Arrays: {2, 1, 3} and {5, 3, 4}
Are disjoint (Sort & Pointers)? false

Arrays: {} and {1, 2, 3}
Are disjoint (Sort & Pointers)? true

Stepwise Explanation:

1. Both arr1 and arr2 are sorted using Arrays.sort().
2. Two pointers, i and j, are initialized to 0, pointing to the start of arr1 and arr2 respectively.
3. A while loop continues as long as both pointers are within the bounds of their arrays.
4. Inside the loop, the elements at arr1[i] and arr2[j] are compared:

• If arr1[i] == arr2[j], a common element is found, and the method returns false.
• If arr1[i] < arr2[j], it means arr1[i] cannot be equal to any subsequent elements in arr2 (because arr2 is sorted and its elements will only be greater or equal). So, i is incremented.
• If arr1[i] > arr2[j], it means arr2[j] cannot be equal to any subsequent elements in arr1. So, j is incremented.

1. If the loop completes without returning false, it means no common elements were found, and the arrays are disjoint, so the method returns true.

Time Complexity: O(N log N + M log M) due to the sorting step, followed by O(N + M) for the two-pointer traversal. This is efficient for large arrays and can be a good alternative if sorting the arrays is acceptable or already done. Space Complexity: O(1) if sorting is in-place, or O(log N) to O(N) depending on the sort implementation's auxiliary space.

Conclusion

We've explored three distinct approaches for checking if two arrays are disjoint in Java: brute-force, HashSet-based, and sort-and-two-pointers. Each method offers different trade-offs in terms of time and space complexity.

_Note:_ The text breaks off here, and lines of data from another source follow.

text \<open>
  Every horn in a simplicial abelian group A has exactly one filler that is a sum of degenerate
  simplices. Existence is Moore's argument: start from 0 and fix the faces one at a time by adding
  degenerate corrections. Uniqueness: composing the maps x \<mapsto> x - s_r d_j x gives a
  homomorphism that kills all degenerate simplices and fixes every simplex whose faces other than
  the k-th vanish, so two such fillers with the same faces agree.

  Ab_sT K is the quotient of the free simplicial abelian group Z[K] by the simplicial subgroup
  generated by the elements fill(\<eta> \<circ> h) - \<eta>(fill h). A thin simplex x of K is the thin
  filler of its own 0-horn, so \<eta> x is congruent to a sum of degenerate simplices; thus the unit
  preserves thin simplices. A T-map f : K \<rightarrow> U_sT A extends linearly to Z[K] \<rightarrow> A, and this
  extension sends fill(\<eta> \<circ> h) and \<eta>(fill h) to two thin fillers of the horn f \<circ> h, which
  coincide by uniqueness. So the extension kills the relations and descends to Ab_sT K; it is
  unique because the simplices of K generate Z[K].
\<close>

context
  fixes S :: "nat \<Rightarrow> 'a set" and d s :: "nat \<Rightarrow> nat \<Rightarrow> 'a \<Rightarrow> 'a"
  assumes sset: "is_sset S d s"
begin

lemma sset_face_closed: "i \<le> Suc n \<Longrightarrow> x \<in> S (Suc n) \<Longrightarrow> d n i x \<in> S n"
  using sset by (simp add: is_sset_def)

lemma sset_degen_closed: "i \<le> n \<Longrightarrow> x \<in> S n \<Longrightarrow> s n i x \<in> S (Suc n)"
  using sset by (simp add: is_sset_def)

lemma sset_face_face:
  "i < j \<Longrightarrow> j \<le> Suc (Suc n) \<Longrightarrow> x \<in> S (Suc (Suc n)) \<Longrightarrow>
    d n i (d (Suc n) j x) = d n (j - 1) (d (Suc n) i x)"
  using sset by (simp add: is_sset_def)

lemma sset_face_degen_less:
  "i < j \<Longrightarrow> j \<le> Suc n \<Longrightarrow> x \<in> S (Suc n) \<Longrightarrow>
    d (Suc n) i (s (Suc n) j x) = s n (j - 1) (d n i x)"
  using sset by (simp add: is_sset_def)

lemma sset_face_degen_same: "j \<le> n \<Longrightarrow> x \<in> S n \<Longrightarrow> d n j (s n j x) = x"
  using sset by (simp add: is_sset_def)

• The brute-force method is straightforward to implement but is the least efficient for large arrays (O(N\*M)).
• The HashSet approach offers significant performance improvements (average O(N+M)) by utilizing constant-time average lookups, but it incurs additional space complexity (O(N)).
• The sorting and two-pointers method provides a good balance (O(N log N + M log M) time, O(1) auxiliary space if sort is in-place), especially if the arrays are already sorted or if memory usage is a critical concern over raw speed.

Choosing the best approach depends on the specific constraints of your application, including array sizes, frequency of checks, and available memory.

Summary

• Disjoint Arrays: Two arrays are disjoint if they share no common elements.
• Brute-Force:
• Compares every element of arr1 with every element of arr2.
• Time Complexity: O(N\*M)
• Simple, but inefficient for large arrays.
• HashSet Approach:
• Adds all elements of one array to a HashSet.
• Iterates through the second array, checking for existence in the HashSet.
• Time Complexity: Average O(N+M)
• Space Complexity: O(N)
• Highly efficient for large arrays, but uses additional memory.
• Sorting and Two-Pointers:
• Sorts both arrays.
• Uses two pointers to traverse sorted arrays, looking for matches.
• Time Complexity: O(N log N + M log M)
• Space Complexity: O(1) (for in-place sort)
• Good for large arrays when memory is constrained or sorting is permissible.